Engineered virus is effective against triple negative breast cancer cells

Scientists have discovered a potential cure for one of the most aggressive and least treatable forms of breast cancer called "triple negative breast cancer." In laboratory experiments involving human cancer cells, scientists used a virus similar to the one that helped eradicate smallpox to coax cancer cells to produce a protein which makes them susceptible to radioactive iodine. This discovery was published in the February 2014 issue of The FASEB Journal. Please note that human clinical trials are necessary before any definitive claims of a cure can be made and treatments can be made available.
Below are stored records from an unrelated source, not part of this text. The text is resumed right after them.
text \<open>min-cut value rho(A; t) from node set A to node t (infinite if no cut exists).\<close>
definition mincut :: "'v set \<Rightarrow> ('v \<Rightarrow> 'v \<Rightarrow> ennreal) \<Rightarrow> 'v set \<Rightarrow> 'v \<Rightarrow> ennreal" where
  "mincut V c A t = (INF S \<in> {S. A \<subseteq> S \<and> S \<subseteq> V \<and> t \<notin> S}. cut_value V c S)"

definition rho :: "'v set \<Rightarrow> ('v \<Rightarrow> 'v \<Rightarrow> ennreal) \<Rightarrow> 'v set \<Rightarrow> 'v set \<Rightarrow> ennreal" where
  "rho V c T A = (INF t \<in> T. mincut V c A t)"

definition ecap :: "('v \<Rightarrow> 'v \<Rightarrow> nat) \<Rightarrow> 'v \<Rightarrow> 'v \<Rightarrow> ennreal" where
  "ecap cap u w = ennreal (real (cap u w))"

datatype 'v exnode = Orig 'v | SrcX' | SrcY' | SrcK

definition ex_nodes :: "'v set \<Rightarrow> 'v exnode set" where
  "ex_nodes V = Orig ` V \<union> {SrcX', SrcY', SrcK}"

fun ex_cap :: "('v \<Rightarrow> 'v \<Rightarrow> nat) \<Rightarrow> 'v \<Rightarrow> 'v \<Rightarrow> 'v exnode \<Rightarrow> 'v exnode \<Rightarrow> ennreal" where
  "ex_cap cap sx sy (Orig u) (Orig w) = ecap cap u w"
| "ex_cap cap sx sy SrcX' (Orig w) = (if w = sx then \<infinity> else 0)"
| "ex_cap cap sx sy SrcY' (Orig w) = (if w = sy then \<infinity> else 0)"
| "ex_cap cap sx sy SrcK (Orig w) = (if w = sx \<or> w = sy then \<infinity> else 0)"
| "ex_cap cap sx sy _ _ = 0"
lemma sum_interaction_squared:
  assumes total: "(\<Sum>u\<in>{1..p}. \<Sum>v\<in>{1..q}. \<pi> u v) = 1"
  shows "(\<Sum>u\<in>{1..p}. \<Sum>v\<in>{1..q}. (interaction p q \<pi> u v)\<^sup>2) =
    (\<Sum>u\<in>{1..p}. \<Sum>v\<in>{1..q}. (\<pi> u v)\<^sup>2) - (\<Sum>u\<in>{1..p}. (row_margin q \<pi> u)\<^sup>2) / real q
    - (\<Sum>v\<in>{1..q}. (col_margin p \<pi> v)\<^sup>2) / real p + 1 / (real p * real q)"
proof -
  have "(\<Sum>u\<in>{1..p}. \<Sum>v\<in>{1..q}. (interaction p q \<pi> u v)\<^sup>2) =
      (\<Sum>u\<in>{1..p}. \<Sum>v\<in>{1..q}. interaction p q \<pi> u v * \<pi> u v)"
    using sum_interaction_mult_additive_part[OF total]
    by (simp add: power2_eq_square algebra_simps sum_subtractf)
  also have "\<dots> = (\<Sum>u\<in>{1..p}. \<Sum>v\<in>{1..q}. (\<pi> u v)\<^sup>2)
      - (\<Sum>u\<in>{1..p}. (row_margin q \<pi> u)\<^sup>2) / real q
      - (\<Sum>v\<in>{1..q}. (col_margin p \<pi> v)\<^sup>2) / real p + 1 / (real p * real q)"
    by (simp only: sum_interaction_mult_prob total)
  finally show ?thesis .
qed

lemma weighted_agreement_balance_iff:
  fixes p q s r c :: real
  assumes "p > 1" "q > 1"
  shows "s / (p * q) + (1 - r - c + s) / (p * (p - 1) * q * (q - 1)) =
      (r - s) / (p * q * (q - 1)) + (c - s) / (p * (p - 1) * q)
    \<longleftrightarrow> s - r / q - c / p + 1 / (p * q) = 0"
proof -
  have "p \<noteq> 0" "q \<noteq> 0" "p - 1 \<noteq> 0" "q - 1 \<noteq> 0"
    using assms by auto
  then have "s / (p * q) + (1 - r - c + s) / (p * (p - 1) * q * (q - 1))
      - ((r - s) / (p * q * (q - 1)) + (c - s) / (p * (p - 1) * q))
      = (s - r / q - c / p + 1 / (p * q)) / ((p - 1) * (q - 1))"
    by (simp add: divide_simps) algebra
  with \<open>p - 1 \<noteq> 0\<close> \<open>q - 1 \<noteq> 0\<close> show ?thesis
    by (simp add: eq_iff_diff_eq_0[of "s / (p * q) + (1 - r - c + s) / (p * (p - 1) * q * (q - 1))"])
qed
"We hope that the recent advances in virology, genetic engineering and targeted radiotherapy will soon translate into an entire class of novel oncolytic, virotherapies for the treatment of deadly cancers," said Yuman Fong, M.D., a researcher involved in the work from the Department of Surgery at Memorial Sloan-Kettering Cancer Center in New York, NY.

To make this discovery, Fong and colleagues successfully infected and killed TNBC cells using a vaccinia virus. In addition, the researchers were also able to use the virus to cause infected cancer cells produce a cell surface protein called hNIS that normally is used to concentrate iodine in thyroid cells. The hNIS protein, expressed in thyroid cancer, is why most thyroid cancers can be cured or successfully treated with a small dose of radioactive iodine (which kills thyroid cancer cells expressing hNIS). Armed with the ability to force TNBC cells to produce this protein, researchers now have a way to deliver anticancer therapies to this deadly and resistant form of cancer.

"This is an important and significant discovery that basically combines proven cures for two other diseases," said Gerald Weissmann, M.D., Editor-in-Chief of The FASEB Journal. "Even more exciting is that the effects of this virus and radioactive iodine are well known in people, hopefully reducing the amount of time it will take for it to reach the clinic."